Recorded data:
::::
(* Let $G$ be a graph. Then for every induced subgraph $H$ of $G$, \[\chi(G) \leq \frac{1}{2} \left(\omega(G) + \frac{\Delta(G) + 1 + |G|}{2} \right) + \frac{3\chi(H) - |H|}{4}.\]
   Context: All graphs are finite and simple with non-empty vertex set; induced subgraphs are likewise taken with non-empty vertex set. $|G|$ denotes the number of vertices of $G$, $\chi(G)$ the chromatic number, $\omega(G)$ the clique number and $\Delta(G)$ the maximum degree. *)

theory Defs
  imports Complex_Main
begin

definition graph :: "'a set \<Rightarrow> 'a set set \<Rightarrow> bool" where
  "graph V E \<longleftrightarrow> finite V \<and> V \<noteq> {} \<and>
     (\<forall>e\<in>E. \<exists>u v. e = {u, v} \<and> u \<in> V \<and> v \<in> V \<and> u \<noteq> v)"

definition induced_edges :: "'a set set \<Rightarrow> 'a set \<Rightarrow> 'a set set" where
  "induced_edges E S = {e \<in> E. e \<subseteq> S}"

definition colouring :: "'a set \<Rightarrow> 'a set set \<Rightarrow> nat \<Rightarrow> ('a \<Rightarrow> nat) \<Rightarrow> bool" where
  "colouring V E k f \<longleftrightarrow> (\<forall>v\<in>V. f v < k) \<and> (\<forall>u\<in>V. \<forall>v\<in>V. {u, v} \<in> E \<longrightarrow> f u \<noteq> f v)"

definition chromatic_number :: "'a set \<Rightarrow> 'a set set \<Rightarrow> nat" where
  "chromatic_number V E = (LEAST k. \<exists>f. colouring V E k f)"

definition clique :: "'a set \<Rightarrow> 'a set set \<Rightarrow> 'a set \<Rightarrow> bool" where
  "clique V E K \<longleftrightarrow> K \<subseteq> V \<and> (\<forall>u\<in>K. \<forall>v\<in>K. u \<noteq> v \<longrightarrow> {u, v} \<in> E)"

definition clique_number :: "'a set \<Rightarrow> 'a set set \<Rightarrow> nat" where
  "clique_number V E = Max {card K | K. clique V E K}"

definition degree :: "'a set \<Rightarrow> 'a set set \<Rightarrow> 'a \<Rightarrow> nat" where
  "degree V E v = card {u \<in> V. {u, v} \<in> E}"

definition max_degree :: "'a set \<Rightarrow> 'a set set \<Rightarrow> nat" where
  "max_degree V E = Max (degree V E ` V)"

end

theory Submission
  imports Defs
begin

(*
  Induct on |G|:
  extend a colour class of an optimal colouring of H to a maximal independent set J of G.
  Removing J lowers chi(G) by at most one and Delta(G) by at least one, and removes a whole colour
  class of H, so the induction hypothesis for (G - J, H - J) gives the claim unless H is contained
  in J. In that case it suffices to bound 4 chi(G - J) by 2 omega + Delta + 1 + |G - J|, which
  follows from the induction hypothesis with an independent set of size three as H or, if G - J
  has no such set, from the case of independence number at most two.

  There every colour class of an optimal colouring has one or two vertices, so 2 chi = |U| + n,
  where U, the set of vertices alone in their class, is a clique. For x in U the non-neighbours N
  of x form a clique, and n <= 1 + Delta + |N|. Recolouring arguments show that the partners
  (class mates) of the vertices of N are complete to U, and that every y in N whose partner misses
  the partner of another vertex of N is complete to U - {x}. Let C be the remaining vertices of N. Then both
  U - {x} together with N - C, and U together with the partners of C and of one further y in N,
  are cliques, and one of them has at least |U| + |N|/2 vertices.
*)

definition independent :: "'a set set \<Rightarrow> 'a set \<Rightarrow> bool" where
  "independent E J \<longleftrightarrow> (\<forall>a\<in>J. \<forall>b\<in>J. {a, b} \<notin> E)"

definition non_neighbours :: "'a set \<Rightarrow> 'a set set \<Rightarrow> 'a \<Rightarrow> 'a set" where
  "non_neighbours W E v = {u \<in> W. u \<noteq> v \<and> {u, v} \<notin> E}"

lemma graph_loopless: "graph V E \<Longrightarrow> {v} \<notin> E"
  unfolding graph_def by (metis doubleton_eq_iff insert_absorb2)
::::
▸ Work instructions: The word "vertex" may appear in several lines of the data; count those lines and give only the number.

▸ Result of the task: 2